▶ [Assignment] Take each line of the records below that contains the string "lambda" and copy it.
────
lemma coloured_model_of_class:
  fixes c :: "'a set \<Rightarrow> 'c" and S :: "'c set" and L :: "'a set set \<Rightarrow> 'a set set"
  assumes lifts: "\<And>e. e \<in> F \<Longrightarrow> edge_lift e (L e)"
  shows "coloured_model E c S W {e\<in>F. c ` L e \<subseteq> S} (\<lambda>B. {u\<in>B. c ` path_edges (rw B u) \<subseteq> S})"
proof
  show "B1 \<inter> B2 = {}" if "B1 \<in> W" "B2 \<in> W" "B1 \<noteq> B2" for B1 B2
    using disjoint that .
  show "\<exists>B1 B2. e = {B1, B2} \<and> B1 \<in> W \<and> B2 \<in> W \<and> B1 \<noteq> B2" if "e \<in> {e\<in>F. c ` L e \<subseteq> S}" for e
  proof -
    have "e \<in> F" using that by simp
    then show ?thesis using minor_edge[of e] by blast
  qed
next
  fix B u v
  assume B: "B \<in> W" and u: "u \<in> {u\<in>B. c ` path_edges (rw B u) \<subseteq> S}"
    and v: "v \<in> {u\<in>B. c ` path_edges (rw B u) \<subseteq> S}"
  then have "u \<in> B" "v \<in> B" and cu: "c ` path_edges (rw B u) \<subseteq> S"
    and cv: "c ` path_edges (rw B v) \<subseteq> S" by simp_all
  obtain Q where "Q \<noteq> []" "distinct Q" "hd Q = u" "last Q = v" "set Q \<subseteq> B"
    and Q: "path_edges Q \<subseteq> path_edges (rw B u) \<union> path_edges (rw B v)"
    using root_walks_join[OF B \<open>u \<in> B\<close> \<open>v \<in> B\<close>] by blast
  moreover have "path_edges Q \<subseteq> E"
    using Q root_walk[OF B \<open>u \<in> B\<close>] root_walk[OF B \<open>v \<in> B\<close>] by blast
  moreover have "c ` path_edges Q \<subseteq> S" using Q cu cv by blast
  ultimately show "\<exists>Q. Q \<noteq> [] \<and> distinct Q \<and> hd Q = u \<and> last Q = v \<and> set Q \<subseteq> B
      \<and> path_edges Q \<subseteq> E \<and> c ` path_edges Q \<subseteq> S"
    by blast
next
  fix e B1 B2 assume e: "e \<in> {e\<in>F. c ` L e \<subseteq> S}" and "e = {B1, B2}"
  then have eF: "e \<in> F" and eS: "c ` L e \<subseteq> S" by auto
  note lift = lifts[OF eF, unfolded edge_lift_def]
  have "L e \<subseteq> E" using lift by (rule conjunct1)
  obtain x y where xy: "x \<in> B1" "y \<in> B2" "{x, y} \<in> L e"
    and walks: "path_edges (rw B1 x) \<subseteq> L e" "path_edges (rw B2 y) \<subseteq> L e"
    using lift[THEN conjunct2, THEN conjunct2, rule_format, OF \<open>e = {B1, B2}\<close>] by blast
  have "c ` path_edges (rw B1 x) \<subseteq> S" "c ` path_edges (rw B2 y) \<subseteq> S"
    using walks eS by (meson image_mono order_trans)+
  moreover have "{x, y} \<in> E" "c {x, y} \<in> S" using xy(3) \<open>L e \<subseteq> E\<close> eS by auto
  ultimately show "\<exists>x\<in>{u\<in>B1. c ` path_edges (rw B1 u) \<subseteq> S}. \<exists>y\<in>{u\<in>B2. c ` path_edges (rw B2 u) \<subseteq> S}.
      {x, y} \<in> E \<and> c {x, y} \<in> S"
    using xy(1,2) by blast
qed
────
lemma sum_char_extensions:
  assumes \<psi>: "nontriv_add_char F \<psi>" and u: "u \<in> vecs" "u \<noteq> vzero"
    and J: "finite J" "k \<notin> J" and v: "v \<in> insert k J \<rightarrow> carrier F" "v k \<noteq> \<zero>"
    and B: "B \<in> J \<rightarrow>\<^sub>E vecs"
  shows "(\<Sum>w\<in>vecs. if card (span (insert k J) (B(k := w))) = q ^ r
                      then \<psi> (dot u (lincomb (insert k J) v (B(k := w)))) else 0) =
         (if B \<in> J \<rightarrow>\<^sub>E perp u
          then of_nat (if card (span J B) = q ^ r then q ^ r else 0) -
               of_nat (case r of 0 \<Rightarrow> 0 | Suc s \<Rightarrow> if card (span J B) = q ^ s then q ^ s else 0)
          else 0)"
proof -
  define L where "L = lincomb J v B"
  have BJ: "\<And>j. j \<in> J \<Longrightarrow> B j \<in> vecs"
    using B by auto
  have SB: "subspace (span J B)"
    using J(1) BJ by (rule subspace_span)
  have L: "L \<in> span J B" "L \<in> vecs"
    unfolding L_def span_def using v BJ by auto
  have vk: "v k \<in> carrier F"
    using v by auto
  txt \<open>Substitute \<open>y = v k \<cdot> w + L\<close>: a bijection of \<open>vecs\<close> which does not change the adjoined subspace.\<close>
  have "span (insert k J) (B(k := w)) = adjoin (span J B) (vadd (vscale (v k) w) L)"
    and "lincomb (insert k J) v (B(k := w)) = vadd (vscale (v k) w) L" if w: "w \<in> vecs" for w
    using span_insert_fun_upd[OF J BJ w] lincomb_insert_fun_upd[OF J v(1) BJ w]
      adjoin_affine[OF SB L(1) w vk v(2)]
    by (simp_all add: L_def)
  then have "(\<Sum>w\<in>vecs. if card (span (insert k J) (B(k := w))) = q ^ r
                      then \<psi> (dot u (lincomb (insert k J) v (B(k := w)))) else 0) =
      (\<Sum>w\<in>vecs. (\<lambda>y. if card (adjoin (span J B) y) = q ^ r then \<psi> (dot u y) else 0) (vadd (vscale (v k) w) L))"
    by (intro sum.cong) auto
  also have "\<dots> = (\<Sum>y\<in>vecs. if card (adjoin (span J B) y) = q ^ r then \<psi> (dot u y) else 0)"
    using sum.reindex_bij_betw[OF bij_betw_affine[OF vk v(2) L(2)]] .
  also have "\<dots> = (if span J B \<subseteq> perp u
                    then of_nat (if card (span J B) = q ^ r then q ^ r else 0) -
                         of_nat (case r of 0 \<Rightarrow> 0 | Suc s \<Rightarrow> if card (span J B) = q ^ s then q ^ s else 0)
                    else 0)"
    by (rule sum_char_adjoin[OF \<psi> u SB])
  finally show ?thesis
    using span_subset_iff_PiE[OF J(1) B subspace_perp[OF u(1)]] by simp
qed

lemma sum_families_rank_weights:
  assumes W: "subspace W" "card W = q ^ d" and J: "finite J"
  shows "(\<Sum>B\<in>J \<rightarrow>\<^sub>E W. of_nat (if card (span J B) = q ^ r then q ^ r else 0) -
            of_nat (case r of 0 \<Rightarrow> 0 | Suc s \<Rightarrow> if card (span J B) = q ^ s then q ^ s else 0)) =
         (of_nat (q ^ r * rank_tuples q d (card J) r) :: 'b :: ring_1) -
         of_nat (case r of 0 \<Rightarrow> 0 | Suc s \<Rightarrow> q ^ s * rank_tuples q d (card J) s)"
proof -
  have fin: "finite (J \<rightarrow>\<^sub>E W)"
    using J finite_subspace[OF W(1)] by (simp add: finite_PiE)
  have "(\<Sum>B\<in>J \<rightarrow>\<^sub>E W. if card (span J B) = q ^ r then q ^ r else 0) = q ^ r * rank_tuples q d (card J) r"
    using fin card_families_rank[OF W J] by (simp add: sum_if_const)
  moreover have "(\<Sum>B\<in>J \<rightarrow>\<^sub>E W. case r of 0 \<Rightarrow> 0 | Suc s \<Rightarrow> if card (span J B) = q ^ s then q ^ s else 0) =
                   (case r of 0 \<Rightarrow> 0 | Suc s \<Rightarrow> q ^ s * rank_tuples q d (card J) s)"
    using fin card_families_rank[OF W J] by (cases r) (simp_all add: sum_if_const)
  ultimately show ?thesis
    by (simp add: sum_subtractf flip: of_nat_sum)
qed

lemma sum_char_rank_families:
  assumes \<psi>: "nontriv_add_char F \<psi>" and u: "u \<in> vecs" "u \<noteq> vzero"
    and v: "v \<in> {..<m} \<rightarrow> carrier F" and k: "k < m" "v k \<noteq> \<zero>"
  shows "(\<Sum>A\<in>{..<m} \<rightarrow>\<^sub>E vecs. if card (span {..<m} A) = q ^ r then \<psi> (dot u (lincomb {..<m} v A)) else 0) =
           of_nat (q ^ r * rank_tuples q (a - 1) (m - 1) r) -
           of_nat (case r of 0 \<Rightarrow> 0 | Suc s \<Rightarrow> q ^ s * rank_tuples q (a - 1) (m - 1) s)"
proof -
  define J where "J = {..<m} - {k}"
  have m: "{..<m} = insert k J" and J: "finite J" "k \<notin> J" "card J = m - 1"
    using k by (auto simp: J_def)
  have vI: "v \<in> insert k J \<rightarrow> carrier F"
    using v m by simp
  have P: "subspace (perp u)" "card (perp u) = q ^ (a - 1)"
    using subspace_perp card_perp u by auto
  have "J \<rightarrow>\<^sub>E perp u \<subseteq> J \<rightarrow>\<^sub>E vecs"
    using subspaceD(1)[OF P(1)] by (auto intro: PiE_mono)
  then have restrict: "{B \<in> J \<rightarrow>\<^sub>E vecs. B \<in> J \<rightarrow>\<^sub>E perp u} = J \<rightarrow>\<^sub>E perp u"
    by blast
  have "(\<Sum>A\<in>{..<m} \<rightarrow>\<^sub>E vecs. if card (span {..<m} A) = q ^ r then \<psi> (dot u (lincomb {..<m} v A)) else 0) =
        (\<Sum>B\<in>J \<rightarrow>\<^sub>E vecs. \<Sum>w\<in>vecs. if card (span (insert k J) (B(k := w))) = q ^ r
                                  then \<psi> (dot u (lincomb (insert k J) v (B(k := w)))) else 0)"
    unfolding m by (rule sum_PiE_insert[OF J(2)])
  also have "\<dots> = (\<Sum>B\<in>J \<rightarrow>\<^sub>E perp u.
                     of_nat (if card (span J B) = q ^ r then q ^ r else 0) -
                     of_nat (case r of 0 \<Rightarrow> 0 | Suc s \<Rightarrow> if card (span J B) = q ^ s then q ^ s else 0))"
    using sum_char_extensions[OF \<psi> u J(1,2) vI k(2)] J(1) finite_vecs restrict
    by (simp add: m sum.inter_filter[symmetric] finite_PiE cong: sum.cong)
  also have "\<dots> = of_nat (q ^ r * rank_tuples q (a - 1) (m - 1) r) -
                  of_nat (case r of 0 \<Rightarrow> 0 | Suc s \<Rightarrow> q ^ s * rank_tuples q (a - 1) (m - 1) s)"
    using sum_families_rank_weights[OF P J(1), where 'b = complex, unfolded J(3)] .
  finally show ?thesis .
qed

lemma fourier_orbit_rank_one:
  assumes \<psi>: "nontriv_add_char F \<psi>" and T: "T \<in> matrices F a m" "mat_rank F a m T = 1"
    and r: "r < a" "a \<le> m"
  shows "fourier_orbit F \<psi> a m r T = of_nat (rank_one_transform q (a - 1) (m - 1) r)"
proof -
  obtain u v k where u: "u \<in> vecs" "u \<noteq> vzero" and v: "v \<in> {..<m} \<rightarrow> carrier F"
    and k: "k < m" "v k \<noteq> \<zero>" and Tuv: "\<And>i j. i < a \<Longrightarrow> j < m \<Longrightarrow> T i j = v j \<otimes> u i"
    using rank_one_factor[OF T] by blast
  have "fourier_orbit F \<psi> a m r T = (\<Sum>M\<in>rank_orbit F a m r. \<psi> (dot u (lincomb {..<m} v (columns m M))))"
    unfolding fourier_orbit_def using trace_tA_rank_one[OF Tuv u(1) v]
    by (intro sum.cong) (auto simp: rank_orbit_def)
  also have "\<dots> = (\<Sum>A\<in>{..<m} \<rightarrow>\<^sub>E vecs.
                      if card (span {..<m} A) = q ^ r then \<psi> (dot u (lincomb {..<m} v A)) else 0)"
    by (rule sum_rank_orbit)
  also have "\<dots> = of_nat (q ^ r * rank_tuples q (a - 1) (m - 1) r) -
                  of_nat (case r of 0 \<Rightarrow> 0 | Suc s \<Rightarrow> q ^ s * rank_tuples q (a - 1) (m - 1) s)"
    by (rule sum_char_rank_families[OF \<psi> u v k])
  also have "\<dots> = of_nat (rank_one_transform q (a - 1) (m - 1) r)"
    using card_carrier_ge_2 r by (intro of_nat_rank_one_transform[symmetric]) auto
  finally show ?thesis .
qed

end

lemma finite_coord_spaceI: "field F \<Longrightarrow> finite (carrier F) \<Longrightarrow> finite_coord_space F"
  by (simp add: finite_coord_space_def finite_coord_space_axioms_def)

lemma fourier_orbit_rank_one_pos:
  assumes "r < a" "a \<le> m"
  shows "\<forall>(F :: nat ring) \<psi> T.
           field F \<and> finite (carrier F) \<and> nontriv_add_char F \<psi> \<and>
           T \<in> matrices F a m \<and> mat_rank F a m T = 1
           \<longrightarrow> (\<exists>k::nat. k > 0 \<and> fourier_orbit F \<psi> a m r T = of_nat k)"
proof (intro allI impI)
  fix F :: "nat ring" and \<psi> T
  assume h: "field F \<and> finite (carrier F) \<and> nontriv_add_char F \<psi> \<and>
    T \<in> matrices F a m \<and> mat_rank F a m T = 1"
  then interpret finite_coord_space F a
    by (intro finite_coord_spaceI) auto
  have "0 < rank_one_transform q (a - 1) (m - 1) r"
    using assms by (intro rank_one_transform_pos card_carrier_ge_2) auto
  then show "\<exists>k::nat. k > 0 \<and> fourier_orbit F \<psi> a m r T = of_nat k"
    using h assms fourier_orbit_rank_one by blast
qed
────
▶ [Task result]
  shows "coloured_model E c S W {e\<in>F. c ` L e \<subseteq> S} (\<lambda>B. {u\<in>B. c ` path_edges (rw B u) \<subseteq> S})"
      (\<Sum>w\<in>vecs. (\<lambda>y. if card (adjoin (span J B) y) = q ^ r then \<psi> (dot u y) else 0) (vadd (vscale (v k) w) L))"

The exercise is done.